Там, внизу, без проветривания делать нечего. При отключении электроэнергии – и это записано в планах и правилах – смена должна немедленно покинуть горные выработки.
А тут еще и телефонная связь пропала – и стационарная, и сотовая. Не удалось дозвониться ни в энергокомпании. Ни в сами города, в их аварийные службы и отделы ГОЧС. Ни в соседний поселок, где была пожарная часть и отдельный отряд горноспасателей. Никуда. Доступный мир сразу скукожился до двух-трех километров, которые отделяли Комбинат от разбросанных по склону большого холма других зданий шахты, находящихся в прямой видимости. А что там, за холмом – теперь неизвестно. Радиосвязью на шахте пользовалась только охрана, чтобы связываться с постами и патрулями на площадках. Позывные того самого отряда горноспасателей, который стоял километрах в шести, были, конечно, диспетчеру известны. Первым делом он попытался связаться именно с ними.
И не получил ответа. Не получил его и спустя пять минут. Все это было очень странно. В любой момент директор мог позвонить снова, но почему-то захотелось выйти на улицу. Диспетчер распахнул дверь и вышел в узкий коридор. Потом открыл еще одну и вышел наружу. Было прохладно. А ведь утром, когда начиналось дежурство, стояла типичная для июля жара и духота. Он остановился в десяти шагах от одноэтажного здания диспетчерской. На крыше дрожала под порывами ветра антенна. Кругом был холмистый, изрезанный оврагами ландшафт, типичный для юга Кузбасса. Правда, людьми он был изрезан еще сильнее, чем природой.
По склону были раскиданы грубые «коробки» промышленных зданий из железобетона и металлопрофиля. Самое большое – котельная, дым из ее труб по понятным причинам не шел – середина лета, до отопительного сезона далеко даже в Сибири. Чуть поодаль – тот самый вентилятор главного проветривания – упрятанный в приземистое кирпичное здание с плоской крышей, окруженное забором. Еще дальше над разрытой землей возвышались бетонные сваи и чернел глубокий котлован. Там когда-нибудь будет обогатительная фабрика. Устье транспортного ствола, где спускались и поднимались «на гора» люди, отсюда видно не было, его заслоняла котельная. Зато виднелось несколько бытовок – это каптерки, пункты хранения газовых баллонов, модули дегазации. Дальше всего стояла буровая установка и вагончик геологоразведчиков, которые вели работы на новом пласту. Угольный склад под открытым небом, похожий на большую кротовину, нарытую гигантскими кротами, – темнел на пределе видимости. Там было шоссе, соединявшее все населенные пункты этой части региона. И все угольные предприятия, которых столько, что здешняя равнина местами напоминала лунную поверхность. Линии электропередач уходили на ту сторону холма.
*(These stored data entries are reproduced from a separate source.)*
(* Let $\mathcal P=(S_1,\dots,S_n)$ be a partition of $V(G)$ into sets of size $r$ and $T=T_{\vec B,\mathcal P}$. For every $j\in\{1,\dots,n\}$ and $v\in S_j$, with $\xi_v=\sigma_T(v)f_v(T\cap\mathcal N(v))$, $$\big|\mathbb E\big[\xi_v\mid B_1,\dots,B_{j-1},B_{j+1},\dots,B_n\big]\big|\le\frac{pq}{r(r-1)}\sum_{w\in S_j\setminus\{v\}}W_v(w).$$
   Context: Let $n,p,q$ be positive integers, $r=p+q$, $G$ a finite simple graph with $|V(G)|=rn$; $\mathcal N(v)$ neighbor set. For each $v$, $f_v:2^{\mathcal N(v)}\to\mathbb R$ with $f_v(\emptyset)=0$. $\sigma_T(v)=q$ if $v\in T$, $-p$ otherwise. Weight of $w$ on $v$: $W_v(w)=\sup_{A\subseteq\mathcal N(v)\setminus\{w\}}|f_v(A)-f_v(A\cup\{w\})|$ if $w\in\mathcal N(v)$, and $0$ otherwise. Restricted randomization: $S_i=\{w_i^1,\dots,w_i^r\}$, $B_1,\dots,B_n$ i.i.d. uniform $p$-subsets of $\{1,\dots,r\}$, $T_{\vec B,\mathcal P}=\{w_i^j:j\in B_i\}$. *)

theory Defs
  imports "HOL-Probability.Probability"
begin

definition simple_graph :: "'a set \<Rightarrow> ('a \<Rightarrow> 'a \<Rightarrow> bool) \<Rightarrow> bool" where
  "simple_graph V E \<longleftrightarrow> finite V \<and> (\<forall>u v. E u v \<longrightarrow> u \<in> V \<and> v \<in> V)
     \<and> (\<forall>u v. E u v \<longrightarrow> E v u) \<and> (\<forall>u. \<not> E u u)"

definition nbhd :: "('a \<Rightarrow> 'a \<Rightarrow> bool) \<Rightarrow> 'a \<Rightarrow> 'a set" where
  "nbhd E v = {u. E v u}"

definition sigma :: "nat \<Rightarrow> nat \<Rightarrow> 'a set \<Rightarrow> 'a \<Rightarrow> real" where
  "sigma p q T v = (if v \<in> T then real q else - real p)"

definition weight :: "('a \<Rightarrow> 'a \<Rightarrow> bool) \<Rightarrow> ('a \<Rightarrow> 'a set \<Rightarrow> real) \<Rightarrow> 'a \<Rightarrow> 'a \<Rightarrow> real" where
  "weight E f v w = (if w \<in> nbhd E v
      then (SUP A \<in> Pow (nbhd E v - {w}). \<bar>f v A - f v (A \<union> {w})\<bar>)
      else 0)"

(* T_{B,P} = { w_i^j : j in B_i }, for the labelled partition w i j, i in {1..n}, j in {1..r} *)
definition restr_T :: "nat \<Rightarrow> (nat \<Rightarrow> nat \<Rightarrow> 'a) \<Rightarrow> (nat \<Rightarrow> nat set) \<Rightarrow> 'a set" where
  "restr_T n w B = {w i k | i k. i \<in> {1..n} \<and> k \<in> B i}"

definition psubsets :: "nat \<Rightarrow> nat \<Rightarrow> nat set set" where
  "psubsets r p = {X. X \<subseteq> {1..r} \<and> card X = p}"

end

(* Conditionally on the other blocks, T = T0 \<union> w j ` X, where T0 is the part of T outside
   block j and X is a uniform p-subset of {1..r}.  Write v = w j k0 and
   G Y = f v ((T0 \<union> w j ` Y) \<inter> N(v)); since v \<notin> N(v), the integrand is \<sigma>(X) G (X - {k0}).
   Summed over X this equals the sum of the increments G Y - G (insert y Y) over the pairs
   (Y, y) with |Y| = p - 1 and y \<notin> Y \<union> {k0}: a set Y \<union> {k0} has q non-members, and a p-set
   avoiding k0 arises from exactly p such pairs.  Each increment is at most W_v(w j y), each y
   lies in C(r-2, p-1) pairs, and C(r-2, p-1) / C(r, p) = pq / (r(r-1)). *)

theory Submission
  imports Defs
begin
Все такое привычное и знакомое. Можно сказать, родное.
Внезапно что-то изменилось. Будто включили дополнительное освещение, и пасмурный вечер стал светлым днем.
– Мать твою, да что это?
Диспетчер охнул и снял очки, чтоб протереть их. Да так и выронил.
Как в замедленной съемке, вдали – со стороны холма – поднимался исполинский пылевой столб.
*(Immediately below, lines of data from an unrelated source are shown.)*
text \<open>An undirected graph (loops excluded, parallel edges allowed) is given by a finite
vertex set V, a finite set E of edge names and a map ends assigning to each edge its two
(distinct) end-vertices.\<close>

definition graph :: "'v set \<Rightarrow> 'e set \<Rightarrow> ('e \<Rightarrow> 'v \<times> 'v) \<Rightarrow> bool" where
  "graph V E ends \<longleftrightarrow> finite V \<and> finite E \<and>
     (\<forall>e\<in>E. fst (ends e) \<in> V \<and> snd (ends e) \<in> V \<and> fst (ends e) \<noteq> snd (ends e))"

text \<open>An orientation is given by choosing, for every edge, its head (one of its ends).\<close>

definition orientation :: "'e set \<Rightarrow> ('e \<Rightarrow> 'v \<times> 'v) \<Rightarrow> ('e \<Rightarrow> 'v) \<Rightarrow> bool" where
  "orientation E ends h \<longleftrightarrow> (\<forall>e\<in>E. h e = fst (ends e) \<or> h e = snd (ends e))"

definition indeg :: "'e set \<Rightarrow> ('e \<Rightarrow> 'v) \<Rightarrow> 'v \<Rightarrow> nat" where
  "indeg E h v = card {e\<in>E. h e = v}"

definition inc_sorted :: "'v set \<Rightarrow> ('v \<Rightarrow> nat) \<Rightarrow> nat list" where
  "inc_sorted V m = sorted_list_of_multiset (image_mset m (mset_set V))"

definition dec_sorted :: "'v set \<Rightarrow> ('v \<Rightarrow> nat) \<Rightarrow> nat list" where
  "dec_sorted V m = rev (inc_sorted V m)"

definition lex_less :: "nat list \<Rightarrow> nat list \<Rightarrow> bool" where
  "lex_less xs ys \<longleftrightarrow> length xs = length ys \<and>
     (\<exists>i<length xs. take i xs = take i ys \<and> xs ! i < ys ! i)"

definition dec_min :: "'v set \<Rightarrow> 'e set \<Rightarrow> ('e \<Rightarrow> 'v \<times> 'v) \<Rightarrow> ('e \<Rightarrow> 'v) \<Rightarrow> bool" where
  "dec_min V E ends h \<longleftrightarrow> orientation E ends h \<and>
     (\<forall>h'. orientation E ends h' \<longrightarrow>
        \<not> lex_less (dec_sorted V (indeg E h')) (dec_sorted V (indeg E h)))"

definition inc_max :: "'v set \<Rightarrow> 'e set \<Rightarrow> ('e \<Rightarrow> 'v \<times> 'v) \<Rightarrow> ('e \<Rightarrow> 'v) \<Rightarrow> bool" where
  "inc_max V E ends h \<longleftrightarrow> orientation E ends h \<and>
     (\<forall>h'. orientation E ends h' \<longrightarrow>
        \<not> lex_less (inc_sorted V (indeg E h)) (inc_sorted V (indeg E h')))"

end

theory Submission
  imports Defs
begin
Он совсем не испугался. Такое уже бывало. Просто проводят взрывные работы на разрезе, на соседнем горном отводе… Там тоже добывают уголь, но открытым способом. Ведь так?
Но гриб, вместо того чтоб опасть и рассеяться, поднимался все выше. Рос как на дрожжах и уже заслонил половину горизонта, упираясь прямо в небо.
А потом пришел и огонь.
* * *Человеку снилось что-то хорошее, но его упорно трясли за плечо, грубо вырывая из этого видения.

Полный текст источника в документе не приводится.